Turqoa Docs

On-Premise Deployment

This guide covers the full installation and configuration of Turqoa on hardware within your terminal's data center. On-premise deployment provides the lowest latency for gate operations and complete data sovereignty.

Hardware Requirements

Minimum Specifications (up to 4 gate lanes)

ComponentSpecification
CPUIntel Xeon Silver 4314 (16 cores) or AMD EPYC 7313 (16 cores)
GPUNVIDIA T4 (16 GB VRAM) x 1
RAM64 GB DDR4 ECC
Storage (OS + Application)500 GB NVMe SSD
Storage (Data + Images)4 TB NVMe SSD (RAID 1)
NetworkDual 10 GbE NICs
PowerRedundant PSU (750W+)
ComponentSpecification
CPUIntel Xeon Gold 6338 (32 cores) or AMD EPYC 7543 (32 cores)
GPUNVIDIA A30 (24 GB VRAM) x 2
RAM128 GB DDR4 ECC
Storage (OS + Application)1 TB NVMe SSD
Storage (Data + Images)8 TB NVMe SSD (RAID 10)
NetworkDual 25 GbE NICs
PowerRedundant PSU (1200W+)

Network Requirements

RequirementDetails
Camera VLANIsolated VLAN for all camera traffic. Minimum 1 Gbps per 8 cameras.
Management VLANSeparate VLAN for Turqoa management traffic and Command Center UI.
TOS connectivityRoutable path to TOS API endpoint. Latency < 50ms.
DNSInternal DNS resolution for Turqoa hostname and TOS endpoints.
NTPTime synchronization within 1 second across all gate controllers and cameras.
FirewallOutbound HTTPS (443) for license validation and optional telemetry.

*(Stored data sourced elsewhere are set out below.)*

(* Let $p$ be a prime, $n$ a positive integer, $S\subseteq S_n$ containing the identity and $G$ the subgroup generated by $S$. Suppose $x_0,x_1,\dots,x_{n-1}$ is a basis of $\mathbb{Z}_p^n$ such that for every $j\in\{0,\dots,n-1\}$ and every $g\in G$, the vector $x_j-g\cdot x_j$ lies in the span of $x_0,\dots,x_{j-1}$ (the zero space when $j=0$). For $i\in\{1,\dots,p^n-1\}$ let $y_i=x_{v_p(i)}$, where $v_p$ is the $p$-adic valuation. Then $y_1,\dots,y_{p^n-1}$ is a winning sequence of moves in the $(S,p)$-game.
   Context: For $g\in S_n$ and $x\in\mathbb{Z}_p^n$, $g\cdot x$ is the vector $x'$ with $x'_{g(i)}=x_i$. The $(S,m)$-game: $n$ counters at positions $1,\dots,n$, each showing an element of $\mathbb{Z}_m$; a configuration is a vector in $\mathbb{Z}_m^n$, initially arbitrary and unknown. Each turn the player chooses a move $y\in\mathbb{Z}_m^n$ added coordinatewise, then an adversarially chosen $\sigma\in S$ is applied, replacing $x$ by $\sigma\cdot x$. The player wins if at some moment (including initially) all counters show $0$. A finite sequence of moves is winning if it forces the zero configuration at some time for every initial configuration and every choice of permutations. *)

theory Defs
  imports "HOL-Algebra.Sym_Groups" "HOL-Algebra.Generated_Groups"
    "HOL-Number_Theory.Number_Theory"
begin

text \<open>Vectors of Z_p^n are represented by integer-valued functions on positions 1..n,
  read modulo p; coordinates outside {1..n} are irrelevant.\<close>

definition perm_act :: "(nat \<Rightarrow> nat) \<Rightarrow> (nat \<Rightarrow> int) \<Rightarrow> (nat \<Rightarrow> int)" where
  "perm_act g x = (\<lambda>i. x (Hilbert_Choice.inv g i))"

definition vec_eq_mod :: "int \<Rightarrow> nat \<Rightarrow> (nat \<Rightarrow> int) \<Rightarrow> (nat \<Rightarrow> int) \<Rightarrow> bool" where
  "vec_eq_mod p n u v \<longleftrightarrow> (\<forall>i\<in>{1..n}. [u i = v i] (mod p))"

definition in_span_mod :: "int \<Rightarrow> nat \<Rightarrow> (nat \<Rightarrow> nat \<Rightarrow> int) \<Rightarrow> nat set \<Rightarrow> (nat \<Rightarrow> int) \<Rightarrow> bool" where
  "in_span_mod p n x K v \<longleftrightarrow> (\<exists>c :: nat \<Rightarrow> int. vec_eq_mod p n v (\<lambda>i. \<Sum>k\<in>K. c k * x k i))"

definition is_basis_mod :: "int \<Rightarrow> nat \<Rightarrow> (nat \<Rightarrow> nat \<Rightarrow> int) \<Rightarrow> bool" where
  "is_basis_mod p n x \<longleftrightarrow>
     (\<forall>c :: nat \<Rightarrow> int. vec_eq_mod p n (\<lambda>i. \<Sum>k<n. c k * x k i) (\<lambda>_. 0) \<longrightarrow> (\<forall>k<n. [c k = 0] (mod p)))
   \<and> (\<forall>v. in_span_mod p n x {..<n} v)"

primrec game_config :: "(nat \<Rightarrow> nat \<Rightarrow> int) \<Rightarrow> (nat \<Rightarrow> nat \<Rightarrow> nat) \<Rightarrow> (nat \<Rightarrow> int) \<Rightarrow> nat \<Rightarrow> nat \<Rightarrow> int" where
  "game_config y \<sigma> c 0 = c"
| "game_config y \<sigma> c (Suc t) = perm_act (\<sigma> t) (\<lambda>i. game_config y \<sigma> c t i + y (Suc t) i)"

definition winning_seq :: "(nat \<Rightarrow> nat) set \<Rightarrow> int \<Rightarrow> nat \<Rightarrow> nat \<Rightarrow> (nat \<Rightarrow> nat \<Rightarrow> int) \<Rightarrow> bool" where
  "winning_seq S p n m y \<longleftrightarrow>
     (\<forall>c \<sigma>. (\<forall>t<m. \<sigma> t \<in> S) \<longrightarrow>
        (\<exists>t\<le>m. vec_eq_mod p n (game_config y \<sigma> c t) (\<lambda>_. 0)))"

end

theory Submission
  imports Defs
begin

text \<open>
  Let V_j be the span of x_0, ..., x_(j-1). Every g \<in> G maps V_j into itself and fixes x_j
  modulo V_j, so a configuration congruent to a x_j modulo V_j stays so under moves from V_j and
  under the adversary's permutations, while the move x_j raises a by one. By induction on j, the
  first p^j - 1 moves y_i = x_(v_p(i)), which all lie in V_j, win from every start in V_j. The
  first p^(j+1) - 1 moves are p copies of that sequence, separated by the move x_j at the
  multiples of p^j. Starting from c \<equiv> a x_j, after b copies and separators the configuration is
  (a + b) x_j modulo V_j, so for b \<equiv> -a (mod p) it lies in V_j and the next copy wins.
\<close>

lemma in_span_modI:
  "vec_eq_mod p n v (\<lambda>i. \<Sum>k\<in>K. c k * x k i) \<Longrightarrow> in_span_mod p n x K v"
  unfolding in_span_mod_def by blast

lemma span_zero: "in_span_mod p n x K (\<lambda>_. 0)"
  unfolding in_span_mod_def vec_eq_mod_def
  by (rule exI[of _ "\<lambda>_. 0"]) simp

lemma span_cong:
  assumes "vec_eq_mod p n v w" "in_span_mod p n x K v"
  shows "in_span_mod p n x K w"
  using assms unfolding in_span_mod_def vec_eq_mod_def
  by (meson cong_sym cong_trans)

lemma span_add:
  assumes "in_span_mod p n x K v" "in_span_mod p n x K w"
  shows "in_span_mod p n x K (\<lambda>i. v i + w i)"
proof -
  obtain c d where c: "vec_eq_mod p n v (\<lambda>i. \<Sum>k\<in>K. c k * x k i)"
    and d: "vec_eq_mod p n w (\<lambda>i. \<Sum>k\<in>K. d k * x k i)"
    using assms unfolding in_span_mod_def by blast
  have "vec_eq_mod p n (\<lambda>i. v i + w i) (\<lambda>i. \<Sum>k\<in>K. (c k + d k) * x k i)"
    using c d unfolding vec_eq_mod_def
    by (auto simp: distrib_right sum.distrib intro: cong_add)
  thus ?thesis by (rule in_span_modI)
qed

lemma span_scale:
  assumes "in_span_mod p n x K v"
  shows "in_span_mod p n x K (\<lambda>i. a * v i)"
proof -
  obtain c where c: "vec_eq_mod p n v (\<lambda>i. \<Sum>k\<in>K. c k * x k i)"
    using assms unfolding in_span_mod_def by blast
  have "vec_eq_mod p n (\<lambda>i. a * v i) (\<lambda>i. \<Sum>k\<in>K. (a * c k) * x k i)"
    using c unfolding vec_eq_mod_def
    by (auto simp: sum_distrib_left[symmetric] mult.assoc intro: cong_mult)
  thus ?thesis by (rule in_span_modI)
qed

lemma span_diff:
  assumes "in_span_mod p n x K v" "in_span_mod p n x K w"
  shows "in_span_mod p n x K (\<lambda>i. v i - w i)"
  using span_add[OF assms(1) span_scale[OF assms(2), of "-1"]] by simp

lemma span_sum:
  assumes "finite A" "\<And>a. a \<in> A \<Longrightarrow> in_span_mod p n x K (f a)"
  shows "in_span_mod p n x K (\<lambda>i. \<Sum>a\<in>A. f a i)"
  using assms by (induction A rule: finite_induct) (auto intro: span_zero span_add)

lemma span_basis:
  assumes "finite K" "k \<in> K"
  shows "in_span_mod p n x K (x k)"
proof -
  have "(\<Sum>j\<in>K. (if j = k then 1 else 0) * x j i) = x k i" for i
    using assms by (simp add: if_distrib[of "\<lambda>c. c * _"] cong: if_cong)
  hence "vec_eq_mod p n (x k) (\<lambda>i. \<Sum>j\<in>K. (if j = k then 1 else 0) * x j i)"
    unfolding vec_eq_mod_def by simp
  thus ?thesis by (rule in_span_modI)
qed

lemma span_mono:
  assumes "in_span_mod p n x K v" "K \<subseteq> K'" "finite K'"
  shows "in_span_mod p n x K' v"
proof -
  obtain c where c: "vec_eq_mod p n v (\<lambda>i. \<Sum>k\<in>K. c k * x k i)"
    using assms(1) unfolding in_span_mod_def by blast
  have "(\<Sum>k\<in>K'. (if k \<in> K then c k else 0) * x k i) = (\<Sum>k\<in>K. c k * x k i)" for i
    using assms(2,3) by (simp add: if_distrib[of "\<lambda>c. c * _"] sum.inter_restrict[symmetric]
        Int_absorb1 cong: if_cong)
  hence "vec_eq_mod p n v (\<lambda>i. \<Sum>k\<in>K'. (if k \<in> K then c k else 0) * x k i)"
    using c by simp
  thus ?thesis by (rule in_span_modI)
qed

lemma span_lessThan_Suc_decompose:
  assumes "in_span_mod p n x {..<Suc j} v"
  obtains a where "in_span_mod p n x {..<j} (\<lambda>i. v i - a * x j i)"
proof -
  obtain c where c: "vec_eq_mod p n v (\<lambda>i. \<Sum>k<Suc j. c k * x k i)"
    using assms unfolding in_span_mod_def by blast
  have "vec_eq_mod p n (\<lambda>i. v i - c j * x j i) (\<lambda>i. \<Sum>k<j. c k * x k i)"
    unfolding vec_eq_mod_def
  proof
    fix i assume "i \<in> {1..n}"
    hence "[v i = c j * x j i + (\<Sum>k<j. c k * x k i)] (mod p)"
      using c unfolding vec_eq_mod_def by (simp add: lessThan_Suc)
    from cong_diff[OF this cong_refl[of "c j * x j i"]]
    show "[v i - c j * x j i = (\<Sum>k<j. c k * x k i)] (mod p)" by simp
  qed
  thus ?thesis using that unfolding in_span_mod_def by blast
qed

lemma span_remove_multiple:
  assumes "in_span_mod p n x K (\<lambda>i. v i - a * w i)" "p dvd a"
  shows "in_span_mod p n x K v"
proof -
  have "vec_eq_mod p n (\<lambda>_. 0) (\<lambda>i. a * w i)"
    using assms(2) unfolding vec_eq_mod_def by (metis cong_0_iff cong_sym dvd_mult2)
  hence "in_span_mod p n x K (\<lambda>i. a * w i)"
    using span_cong span_zero by metis
  from span_add[OF assms(1) this] show ?thesis by simp
qed

lemma perm_act_vec_eq:
  assumes "g permutes {1..n}" "vec_eq_mod p n v w"
  shows "vec_eq_mod p n (perm_act g v) (perm_act g w)"
  using assms permutes_in_image[OF permutes_inv[OF assms(1)]]
  unfolding vec_eq_mod_def perm_act_def by blast

lemma multiplicity_add_multiple_prime_power:
  fixes p :: nat
  assumes "prime p" "0 < u" "u < p ^ j"
  shows "multiplicity p (b * p ^ j + u) = multiplicity p u"
proof -
  let ?k = "multiplicity p u"
  have nonunit: "\<not> is_unit p" using prime_gt_1_nat[OF assms(1)] by simp
  have "?k < j"
    using assms by (intro multiplicity_lessI nonunit) (auto dest: nat_dvd_not_less)
  hence "p ^ Suc ?k dvd b * p ^ j"
    by (intro dvd_mult le_imp_power_dvd) simp
  moreover have "\<not> p ^ Suc ?k dvd u"
    using power_dvd_iff_le_multiplicity[of u p "Suc ?k"] assms(2) nonunit by simp
  ultimately have "\<not> p ^ Suc ?k dvd b * p ^ j + u"
    by (simp add: dvd_add_right_iff)
  moreover have "p ^ ?k dvd b * p ^ j + u"
    using \<open>?k < j\<close> by (simp add: le_imp_power_dvd multiplicity_dvd)
  ultimately show ?thesis by (intro multiplicity_eqI)
qed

Operating System Requirements

Turqoa is supported on the following operating systems:

  • Ubuntu Server 22.04 LTS (recommended)
  • Red Hat Enterprise Linux 9.x
  • Rocky Linux 9.x

Required packages: Docker Engine 24+, NVIDIA Container Toolkit, and curl.

Installation Steps

1. Prepare the Host

# Update system packages
sudo apt update && sudo apt upgrade -y

# Install Docker
curl -fsSL https://get.docker.com | sudo sh
sudo systemctl enable --now docker

# Install NVIDIA drivers and container toolkit
sudo apt install -y nvidia-driver-535
sudo apt install -y nvidia-container-toolkit
sudo nvidia-ctk runtime configure --runtime=docker
sudo systemctl restart docker

2. Verify GPU Access

docker run --rm --gpus all nvidia/cuda:12.2.0-base-ubuntu22.04 nvidia-smi

You should see your GPU(s) listed with driver version and CUDA version.

3. Deploy Turqoa

# Download the Turqoa installer
curl -fsSL https://install.turqoa.com/on-premise | sudo bash

# Run the installer with your license key
sudo turqoa-install \
  --license-key ${TURQOA_LICENSE_KEY} \
  --hostname turqoa.terminal.local \
  --gpu-count 1 \
  --gate-lanes 4

4. Configure the Environment

# Edit the main configuration file
sudo nano /etc/turqoa/turqoa.env

Key configuration parameters:

# Database
TURQOA_DB_HOST=localhost
TURQOA_DB_PORT=5432
TURQOA_DB_NAME=turqoa
TURQOA_DB_PASSWORD=<generated-during-install>

# AI Inference
TURQOA_GPU_DEVICES=0
TURQOA_MODEL_CACHE=/var/lib/turqoa/models

# Camera ingestion
TURQOA_CAMERA_MAX_STREAMS=24
TURQOA_CAMERA_BUFFER_SIZE_MB=512

# TOS
TURQOA_TOS_PROVIDER=navis-n4
TURQOA_TOS_BASE_URL=https://n4.terminal.local/apex/api/v1

5. Start Services

sudo turqoa up

This starts all Turqoa services: API server, AI inference workers, event bus, database, and the Command Center web interface.

Health Check

Verify the deployment is operational:

# Check all service statuses
sudo turqoa status

# Expected output:
# turqoa-api         ✓ running  (port 8080)
# turqoa-inference   ✓ running  (GPU 0)
# turqoa-events      ✓ running  (Kafka)
# turqoa-db          ✓ running  (PostgreSQL 15)
# turqoa-ui          ✓ running  (port 443)
# Run the built-in diagnostic
sudo turqoa diagnose

# Checks: GPU availability, DB connectivity, TOS reachability,
#          camera stream connectivity, disk space, NTP sync

Access the Command Center at https://turqoa.terminal.local to verify the web interface loads and displays connected cameras and gate lane status.

Note: The initial startup may take 5-10 minutes as AI models are loaded into GPU memory. Subsequent restarts are faster due to model caching.